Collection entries

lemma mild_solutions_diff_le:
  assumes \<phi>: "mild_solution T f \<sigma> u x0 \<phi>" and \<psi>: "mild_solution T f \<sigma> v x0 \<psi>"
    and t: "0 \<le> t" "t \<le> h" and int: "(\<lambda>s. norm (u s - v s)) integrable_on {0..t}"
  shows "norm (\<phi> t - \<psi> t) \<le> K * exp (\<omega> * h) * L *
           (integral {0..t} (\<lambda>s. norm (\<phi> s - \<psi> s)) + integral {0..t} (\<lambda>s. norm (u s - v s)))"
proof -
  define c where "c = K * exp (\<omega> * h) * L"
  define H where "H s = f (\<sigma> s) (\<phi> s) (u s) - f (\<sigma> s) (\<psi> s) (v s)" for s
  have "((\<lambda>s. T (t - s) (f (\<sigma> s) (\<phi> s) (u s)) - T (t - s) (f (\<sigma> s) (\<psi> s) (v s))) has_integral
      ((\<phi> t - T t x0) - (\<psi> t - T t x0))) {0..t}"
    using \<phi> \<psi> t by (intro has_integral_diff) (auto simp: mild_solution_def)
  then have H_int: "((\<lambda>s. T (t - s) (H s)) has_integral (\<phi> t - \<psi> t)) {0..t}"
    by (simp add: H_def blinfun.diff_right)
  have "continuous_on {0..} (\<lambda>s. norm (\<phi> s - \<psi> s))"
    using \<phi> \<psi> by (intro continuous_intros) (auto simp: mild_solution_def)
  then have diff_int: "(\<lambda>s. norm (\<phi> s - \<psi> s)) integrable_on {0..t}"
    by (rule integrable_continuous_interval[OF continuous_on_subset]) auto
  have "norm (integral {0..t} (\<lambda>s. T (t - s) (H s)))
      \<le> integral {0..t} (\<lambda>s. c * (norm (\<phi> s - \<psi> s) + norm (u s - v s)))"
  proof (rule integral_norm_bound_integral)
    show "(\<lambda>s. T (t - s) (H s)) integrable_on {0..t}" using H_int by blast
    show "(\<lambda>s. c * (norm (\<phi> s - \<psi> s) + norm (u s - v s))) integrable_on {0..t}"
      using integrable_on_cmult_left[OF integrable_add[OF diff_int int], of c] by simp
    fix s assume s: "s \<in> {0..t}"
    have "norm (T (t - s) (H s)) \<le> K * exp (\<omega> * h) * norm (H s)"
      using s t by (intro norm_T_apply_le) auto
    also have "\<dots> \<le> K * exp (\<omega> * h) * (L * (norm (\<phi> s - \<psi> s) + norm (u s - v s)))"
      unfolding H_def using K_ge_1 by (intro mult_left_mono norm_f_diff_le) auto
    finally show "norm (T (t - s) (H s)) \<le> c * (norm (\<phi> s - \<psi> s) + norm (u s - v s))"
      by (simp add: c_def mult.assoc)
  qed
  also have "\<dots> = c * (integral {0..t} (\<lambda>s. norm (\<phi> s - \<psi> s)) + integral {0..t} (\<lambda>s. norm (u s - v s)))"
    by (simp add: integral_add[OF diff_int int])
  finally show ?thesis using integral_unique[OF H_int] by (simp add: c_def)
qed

...

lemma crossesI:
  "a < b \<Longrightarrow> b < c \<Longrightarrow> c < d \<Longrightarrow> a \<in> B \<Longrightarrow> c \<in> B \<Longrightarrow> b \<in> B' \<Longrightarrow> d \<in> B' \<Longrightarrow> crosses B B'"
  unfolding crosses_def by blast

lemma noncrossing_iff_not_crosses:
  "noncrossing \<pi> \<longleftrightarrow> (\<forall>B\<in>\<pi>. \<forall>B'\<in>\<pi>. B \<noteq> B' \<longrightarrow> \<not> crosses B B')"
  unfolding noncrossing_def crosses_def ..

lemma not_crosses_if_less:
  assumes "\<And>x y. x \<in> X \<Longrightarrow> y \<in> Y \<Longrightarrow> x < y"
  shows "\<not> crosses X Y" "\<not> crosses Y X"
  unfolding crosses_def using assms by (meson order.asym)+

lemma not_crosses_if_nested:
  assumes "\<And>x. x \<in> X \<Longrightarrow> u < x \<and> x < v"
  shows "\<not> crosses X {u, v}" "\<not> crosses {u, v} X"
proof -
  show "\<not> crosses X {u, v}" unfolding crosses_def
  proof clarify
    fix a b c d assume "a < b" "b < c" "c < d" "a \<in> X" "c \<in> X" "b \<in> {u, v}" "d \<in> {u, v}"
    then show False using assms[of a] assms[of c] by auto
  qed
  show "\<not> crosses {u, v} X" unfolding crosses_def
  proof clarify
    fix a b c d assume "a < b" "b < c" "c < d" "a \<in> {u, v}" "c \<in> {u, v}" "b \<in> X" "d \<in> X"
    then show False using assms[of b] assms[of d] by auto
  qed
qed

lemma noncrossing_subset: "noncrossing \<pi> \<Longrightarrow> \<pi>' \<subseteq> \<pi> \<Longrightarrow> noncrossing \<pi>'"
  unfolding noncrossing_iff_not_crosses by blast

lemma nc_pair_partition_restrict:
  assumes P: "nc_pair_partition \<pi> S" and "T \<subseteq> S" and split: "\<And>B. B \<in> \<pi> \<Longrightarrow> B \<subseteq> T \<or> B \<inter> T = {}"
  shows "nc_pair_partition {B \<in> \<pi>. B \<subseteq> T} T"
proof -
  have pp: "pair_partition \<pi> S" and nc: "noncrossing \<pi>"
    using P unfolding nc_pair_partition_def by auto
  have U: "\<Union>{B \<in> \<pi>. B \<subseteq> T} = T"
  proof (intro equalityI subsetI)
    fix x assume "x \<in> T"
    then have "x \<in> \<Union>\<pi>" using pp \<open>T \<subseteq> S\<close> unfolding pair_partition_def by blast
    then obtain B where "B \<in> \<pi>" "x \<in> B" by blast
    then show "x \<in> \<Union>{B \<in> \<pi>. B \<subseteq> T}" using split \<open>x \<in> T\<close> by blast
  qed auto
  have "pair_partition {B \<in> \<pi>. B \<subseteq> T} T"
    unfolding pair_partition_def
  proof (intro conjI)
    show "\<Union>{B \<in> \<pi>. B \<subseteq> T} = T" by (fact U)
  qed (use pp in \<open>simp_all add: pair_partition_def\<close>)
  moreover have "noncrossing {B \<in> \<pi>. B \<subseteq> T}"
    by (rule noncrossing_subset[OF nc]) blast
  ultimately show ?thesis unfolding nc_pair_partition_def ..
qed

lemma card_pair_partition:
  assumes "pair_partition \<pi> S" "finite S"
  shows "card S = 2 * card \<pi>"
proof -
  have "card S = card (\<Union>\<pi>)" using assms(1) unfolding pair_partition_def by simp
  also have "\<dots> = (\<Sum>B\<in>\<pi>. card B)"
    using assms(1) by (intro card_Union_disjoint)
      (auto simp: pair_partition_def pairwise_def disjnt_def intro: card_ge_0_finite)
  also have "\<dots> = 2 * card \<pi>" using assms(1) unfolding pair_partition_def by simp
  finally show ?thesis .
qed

### Problem to solve
Could you find every line in the records above that contains the word "where" and copy it?

### Task result
  define c where "c = K * exp (\<omega> * h) * L"
  define H where "H s = f (\<sigma> s) (\<phi> s) (u s) - f (\<sigma> s) (\<psi> s) (v s)" for s
    then obtain B where "B \<in> \<pi>" "x \<in> B" by blast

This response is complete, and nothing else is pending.